**WHAT THE EXERCISE ASKS**
The answer must be a single number: how many lines of the entries below include "that".

*** INPUT FOR THIS TASK ***

lemma signed_perm_abs_bij:
  assumes v: "v \<in> signed_perms n"
  shows "bij_betw (\<lambda>i. nat \<bar>v (int i)\<bar>) {1..n} {1..n}"
proof -
  have inj: "inj_on (\<lambda>i. nat \<bar>v (int i)\<bar>) {1..n}"
  proof (rule inj_onI)
    fix i j :: nat assume "nat \<bar>v (int i)\<bar> = nat \<bar>v (int j)\<bar>"
    then have "\<bar>v (int i)\<bar> = \<bar>v (int j)\<bar>" by simp
    then show "i = j" unfolding signed_perm_abs_eq_iff[OF v] by simp
  qed
  have "nat \<bar>v (int i)\<bar> \<in> {1..n}" if "i \<in> {1..n}" for i
    using signed_perm_abs_bounds[OF v, of "int i"] that by auto
  then have "(\<lambda>i. nat \<bar>v (int i)\<bar>) ` {1..n} = {1..n}" by (intro endo_inj_surj inj) auto
  with inj show ?thesis by (simp add: bij_betw_def)
qed

definition odd_extension :: "nat \<Rightarrow> (nat \<Rightarrow> int) \<Rightarrow> int \<Rightarrow> int" where
  "odd_extension n g x = (if 1 \<le> \<bar>x\<bar> \<and> \<bar>x\<bar> \<le> int n then sgn x * g (nat \<bar>x\<bar>) else x)"

lemma odd_extension_apply: "1 \<le> i \<Longrightarrow> i \<le> n \<Longrightarrow> odd_extension n g (int i) = g i"
  by (simp add: odd_extension_def)

lemma odd_extension_signed_perm:
  assumes g: "bij_betw (\<lambda>i. nat \<bar>g i\<bar>) {1..n} {1..n}"
  shows "odd_extension n g \<in> signed_perms n"
proof -
  let ?h = "odd_extension n g" and ?A = "{x. 1 \<le> \<bar>x\<bar> \<and> \<bar>x\<bar> \<le> int n}"
  have g_bounds: "1 \<le> \<bar>g (nat \<bar>x\<bar>)\<bar> \<and> \<bar>g (nat \<bar>x\<bar>)\<bar> \<le> int n" if "x \<in> ?A" for x
  proof -
    have "nat \<bar>x\<bar> \<in> {1..n}" using that by auto
    then have "nat \<bar>g (nat \<bar>x\<bar>)\<bar> \<in> {1..n}" using bij_betwE[OF g] by blast
    then show ?thesis by (simp add: nat_le_iff le_nat_iff)
  qed
  have abs_h: "\<bar>?h x\<bar> = \<bar>g (nat \<bar>x\<bar>)\<bar>" if "x \<in> ?A" for x
    using that by (auto simp: odd_extension_def abs_mult abs_sgn_eq_1)
  have "inj_on ?h ?A"
  proof (rule inj_onI)
    fix x y assume x: "x \<in> ?A" and y: "y \<in> ?A" and eq: "?h x = ?h y"
    then have "nat \<bar>g (nat \<bar>x\<bar>)\<bar> = nat \<bar>g (nat \<bar>y\<bar>)\<bar>" using abs_h by metis
    moreover have "nat \<bar>x\<bar> \<in> {1..n}" "nat \<bar>y\<bar> \<in> {1..n}" using x y by auto
    ultimately have "nat \<bar>x\<bar> = nat \<bar>y\<bar>" using inj_onD[OF bij_betw_imp_inj_on[OF g]] by blast
    moreover have "sgn x = sgn y"
      using eq x y g_bounds[OF x] \<open>nat \<bar>x\<bar> = nat \<bar>y\<bar>\<close>
      by (auto simp: odd_extension_def sgn_if split: if_splits)
    ultimately show "x = y" by (metis nat_eq_iff2 abs_ge_zero sgn_mult_abs)
  qed
  moreover have "?h ` ?A \<subseteq> ?A" using abs_h g_bounds by auto
  moreover have "finite ?A" by (rule finite_subset[of _ "{- int n..int n}"]) auto
  ultimately have "bij_betw ?h ?A ?A" by (simp add: bij_betw_def endo_inj_surj)
  then have "?h permutes ?A" by (rule bij_imp_permutes) (auto simp: odd_extension_def)
  then show ?thesis
    unfolding signed_perms_def by (auto dest: permutes_bij simp: odd_extension_def)
qed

*** End of INPUT FOR THIS TASK ***

**RESPONSE TO THIS EXERCISE**
3